(* Let $W(y|x_1,x_2)$ be a discrete memoryless multiple access channel with finite input alphabets $\mathcal{X}_1,\mathcal{X}_2$ and finite output alphabet $\mathcal{Y}$, and let $\delta,\eta>0$. Let $(x_1^n,x_2^n)$ and $(\tilde{x}_1^n,\tilde{x}_2^n)$ be pairs of words with Hamming distances $d_H(x_1^n,\tilde{x}_1^n)\ge\delta n$ and $d_H(x_2^n,\tilde{x}_2^n)\ge\delta n$, and suppose that for all $x_1\in\mathcal{X}_1,x_2\in\mathcal{X}_2$ and every probability distribution $\mathcal{P}$ on $\mathcal{X}_1\times\mathcal{X}_2$ with $\mathcal{P}(x_1,x_2)=0$, \[ \Big\|W_{x_1,x_2}-\sum_{\tilde{x}_1,\tilde{x}_2}\mathcal{P}(\tilde{x}_1,\tilde{x}_2)W_{\tilde{x}_1,\tilde{x}_2}\Big\|\ge\eta . \] Then, with $\epsilon=\frac{\delta^4\eta^2}{2|\mathcal{X}_1|^2|\mathcal{X}_2|^2|\mathcal{Y}|}$, \[ W^n_{\tilde{x}_1^n,\tilde{x}_2^n}\big(\mathcal{T}^n_{W,\epsilon}(x_1^n,x_2^n)\big)\le 2\exp\Big(-\frac{n\epsilon^4}{2}\Big). \]
   Context: $W_{x_1,x_2}$ denotes the output distribution $W(\cdot|x_1,x_2)$ on $\mathcal{Y}$; $\|\cdot\|$ is the statistical distance $\|P-Q\|=\frac12\sum_y|P(y)-Q(y)|$. For words $x_1^n,x_2^n$, $W^n_{x_1^n,x_2^n}=W_{x_{1,1}x_{2,1}}\otimes\cdots\otimes W_{x_{1,n}x_{2,n}}$ is the product output distribution on $\mathcal{Y}^n$. $\mathcal{T}^n_{W,\epsilon}(x_1^n,x_2^n)\subseteq\mathcal{Y}^n$ is the set of output sequences that are conditionally $\epsilon$-typical given $(x_1^n,x_2^n)$ with respect to $W$ (jointly typical with $(x_1^n,x_2^n)$), i.e. the sequences $y^n$ whose joint empirical counts with $(x_1^n,x_2^n)$ deviate from those expected under $W$ by at most $\epsilon n$. *)

theory Defs
  imports Complex_Main
begin

text \<open>A DM-MAC with finite input alphabets 'a, 'b and finite output alphabet 'c is
  given by W x1 x2 y = W(y|x1,x2); each W x1 x2 is a probability distribution.\<close>
definition is_mac :: "('a::finite \<Rightarrow> 'b::finite \<Rightarrow> 'c::finite \<Rightarrow> real) \<Rightarrow> bool" where
  "is_mac W \<longleftrightarrow> (\<forall>a b y. 0 \<le> W a b y) \<and> (\<forall>a b. (\<Sum>y\<in>UNIV. W a b y) = 1)"

definition stat_dist :: "('c::finite \<Rightarrow> real) \<Rightarrow> ('c \<Rightarrow> real) \<Rightarrow> real" where
  "stat_dist P Q = (1/2) * (\<Sum>y\<in>UNIV. \<bar>P y - Q y\<bar>)"

definition is_distr :: "('a::finite \<Rightarrow> real) \<Rightarrow> bool" where
  "is_distr P \<longleftrightarrow> (\<forall>x. 0 \<le> P x) \<and> (\<Sum>x\<in>UNIV. P x) = 1"

definition hamming :: "'a list \<Rightarrow> 'a list \<Rightarrow> nat" where
  "hamming xs ys = card {i. i < length xs \<and> xs ! i \<noteq> ys ! i}"

definition prod_out :: "('a \<Rightarrow> 'b \<Rightarrow> 'c \<Rightarrow> real) \<Rightarrow> 'a list \<Rightarrow> 'b list \<Rightarrow> 'c list \<Rightarrow> real" where
  "prod_out W xs1 xs2 ys = (\<Prod>i<length ys. W (xs1 ! i) (xs2 ! i) (ys ! i))"

definition prob_out :: "nat \<Rightarrow> ('a \<Rightarrow> 'b \<Rightarrow> 'c \<Rightarrow> real) \<Rightarrow> 'a list \<Rightarrow> 'b list \<Rightarrow> 'c list set \<Rightarrow> real" where
  "prob_out n W xs1 xs2 T = (\<Sum>ys\<in>T \<inter> {ys. length ys = n}. prod_out W xs1 xs2 ys)"

definition cond_typical ::
  "nat \<Rightarrow> ('a::finite \<Rightarrow> 'b::finite \<Rightarrow> 'c::finite \<Rightarrow> real) \<Rightarrow> real \<Rightarrow> 'a list \<Rightarrow> 'b list \<Rightarrow> 'c list set" where
  "cond_typical n W eps xs1 xs2 = {ys. length ys = n \<and>
     (\<forall>a b c. \<bar>real (card {i. i < n \<and> xs1 ! i = a \<and> xs2 ! i = b \<and> ys ! i = c})
               - real (card {i. i < n \<and> xs1 ! i = a \<and> xs2 ! i = b}) * W a b c\<bar> \<le> eps * real n)}"

end

theory Submission
  imports Defs
begin

text \<open>
  Pigeonhole over the at least \<open>\<delta> n\<close> positions where \<open>x\<^sub>1\<close> and \<open>x\<^sub>1'\<close> differ gives a pair
  \<open>(a, b)\<close> carried by \<open>(x\<^sub>1, x\<^sub>2)\<close> at \<open>M \<ge> \<delta> n / (|X\<^sub>1| |X\<^sub>2|)\<close> positions where
  \<open>(x\<^sub>1', x\<^sub>2')\<close> carries a different pair. The empirical distribution \<open>P\<close> of those
  different pairs vanishes at \<open>(a, b)\<close>, so the separation hypothesis and a second pigeonhole
  give an output \<open>c\<close> with \<open>|W(c|a,b) - \<Sum> P W(c|\<cdot>)| \<ge> 2\<eta> / |Y|\<close>. Hence, on the positions
  \<open>I\<close> where \<open>(x\<^sub>1, x\<^sub>2) = (a, b)\<close>, the expected number of \<open>c\<close>'s under the input
  \<open>(x\<^sub>1', x\<^sub>2')\<close> is at least \<open>4\<epsilon>n\<close> away from the count \<open>|I| W(c|a,b)\<close> that typicality
  prescribes. Every typical output thus deviates from its mean by at least \<open>2\<epsilon>n\<close>, and a
  Chernoff bound for product distributions bounds the probability of this by
  \<open>2 exp(-n\<epsilon>\<^sup>2) \<le> 2 exp(-n\<epsilon>\<^sup>4/2)\<close>.
\<close>

section \<open>A Chernoff bound for product distributions on words\<close>

lemma exp_le_one_plus_square:
  fixes x :: real
  assumes "\<bar>x\<bar> \<le> 1"
  shows "exp x \<le> 1 + x + x\<^sup>2"
proof (cases "x \<ge> 0")
  case True
  then show ?thesis using exp_bound[of x] assms by simp
next
  case False
  have "exp x * (1 - x) \<le> exp x * exp (- x)"
    using exp_ge_add_one_self[of "- x"] by (intro mult_left_mono) auto
  also have "\<dots> = 1" by (simp add: exp_minus_inverse)
  also have "1 \<le> (1 + x + x\<^sup>2) * (1 - x)"
  proof -
    have "(1 + x + x\<^sup>2) * (1 - x) = 1 - x ^ 3"
      by (simp add: algebra_simps power2_eq_square power3_eq_cube)
    moreover have "x ^ 3 \<le> 0" using False by (simp add: power3_eq_cube mult_nonneg_nonpos)
    ultimately show ?thesis by simp
  qed
  finally show ?thesis using False by (simp add: mult_le_cancel_right)
qed

lemma exp_neg_square_le_exp_neg_pow4:
  fixes x e :: real
  assumes "0 \<le> x" "0 \<le> e" "e \<le> 1"
  shows "exp (- x * e\<^sup>2) \<le> exp (- x * e ^ 4 / 2)"
proof -
  have "e ^ 4 \<le> e\<^sup>2" using assms by (intro power_decreasing) auto
  then have "e ^ 4 / 2 \<le> e\<^sup>2" using zero_le_power2[of e] by linarith
  then have "x * (e ^ 4 / 2) \<le> x * e\<^sup>2" using assms by (intro mult_left_mono) auto
  then show ?thesis by simp
qed

lemma sum_lists_length_prod:
  fixes g :: "nat \<Rightarrow> 'c::finite \<Rightarrow> real"
  shows "(\<Sum>ys | length ys = n. \<Prod>i<n. g i (ys ! i)) = (\<Prod>i<n. \<Sum>y\<in>UNIV. g i y)"
proof (induction n)
  case 0
  then show ?case by simp
next
  case (Suc n)
  have split: "{ys :: 'c list. length ys = Suc n} = (\<lambda>(ys, y). ys @ [y]) ` ({ys. length ys = n} \<times> UNIV)"
  proof (intro set_eqI iffI)
    fix zs :: "'c list"
    assume "zs \<in> {ys. length ys = Suc n}"
    then have "zs = butlast zs @ [last zs]" "length (butlast zs) = n"
      by (auto intro: append_butlast_last_id[symmetric])
    then show "zs \<in> (\<lambda>(ys, y). ys @ [y]) ` ({ys. length ys = n} \<times> UNIV)"
      by (metis (mono_tags, lifting) SigmaI UNIV_I case_prod_conv image_eqI mem_Collect_eq)
  qed auto
  have inj: "inj_on (\<lambda>(ys, y). ys @ [y]) ({ys :: 'c list. length ys = n} \<times> UNIV)"
    by (auto simp: inj_on_def)
  have snoc: "(\<Prod>i<Suc (length ys). g i ((ys @ [y]) ! i)) = (\<Prod>i<length ys. g i (ys ! i)) * g (length ys) y"
    for ys y
  proof -
    have "(\<Prod>i<length ys. g i ((ys @ [y]) ! i)) = (\<Prod>i<length ys. g i (ys ! i))"
      by (intro prod.cong) (auto simp: nth_append)
    then show ?thesis by simp
  qed
  have "(\<Sum>ys | length ys = Suc n. \<Prod>i<Suc n. g i (ys ! i))
      = (\<Sum>(ys, y) \<in> {ys. length ys = n} \<times> UNIV. (\<Prod>i<n. g i (ys ! i)) * g n y)"
    unfolding split
    by (subst sum.reindex[OF inj]) (auto simp: snoc simp del: prod.lessThan_Suc intro!: sum.cong)
  also have "\<dots> = (\<Sum>ys | length ys = n. \<Prod>i<n. g i (ys ! i)) * (\<Sum>y\<in>UNIV. g n y)"
    by (simp add: sum_product sum.cartesian_product)
  finally show ?case using Suc by simp
qed

lemma is_distr_le_one:
  assumes "is_distr P"
  shows "P x \<le> 1"
proof -
  have "P x \<le> (\<Sum>y\<in>UNIV. P y)"
    using assms by (intro member_le_sum) (auto simp: is_distr_def)
  then show ?thesis using assms by (simp add: is_distr_def)
qed

lemma exp_moment_le:
  fixes Q X :: "'c::finite \<Rightarrow> real"
  assumes Q: "is_distr Q" and X: "\<And>y. \<bar>X y\<bar> \<le> 1" and centred: "(\<Sum>y\<in>UNIV. Q y * X y) = 0"
    and l: "0 \<le> l" "l \<le> 1"
  shows "(\<Sum>y\<in>UNIV. Q y * exp (l * X y)) \<le> exp (l\<^sup>2)"
proof -
  have "exp (l * X y) \<le> 1 + l * X y + l\<^sup>2" for y
  proof -
    have "\<bar>l * X y\<bar> \<le> 1" using X[of y] l by (simp add: abs_mult mult_le_one)
    moreover have "(l * X y)\<^sup>2 \<le> l\<^sup>2"
      using X[of y] by (simp add: power_mult_distrib abs_square_le_1 mult_left_le)
    ultimately show ?thesis using exp_le_one_plus_square by fastforce
  qed
  then have "(\<Sum>y\<in>UNIV. Q y * exp (l * X y)) \<le> (\<Sum>y\<in>UNIV. Q y * (1 + l * X y + l\<^sup>2))"
    using Q by (intro sum_mono mult_left_mono) (auto simp: is_distr_def)
  also have "\<dots> = (\<Sum>y\<in>UNIV. Q y) * (1 + l\<^sup>2) + l * (\<Sum>y\<in>UNIV. Q y * X y)"
    by (simp add: algebra_simps sum.distrib sum_distrib_left sum_distrib_right)
  also have "\<dots> = 1 + l\<^sup>2" using Q centred by (simp add: is_distr_def)
  also have "\<dots> \<le> exp (l\<^sup>2)" using exp_ge_add_one_self[of "l\<^sup>2"] by simp
  finally show ?thesis .
qed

▸ Task details: Search the listing for the string "finally". Copy each line where it is found.

▸ Task result:
  finally show ?thesis using False by (simp add: mult_le_cancel_right)
  finally show ?case using Suc by simp
  finally show ?thesis .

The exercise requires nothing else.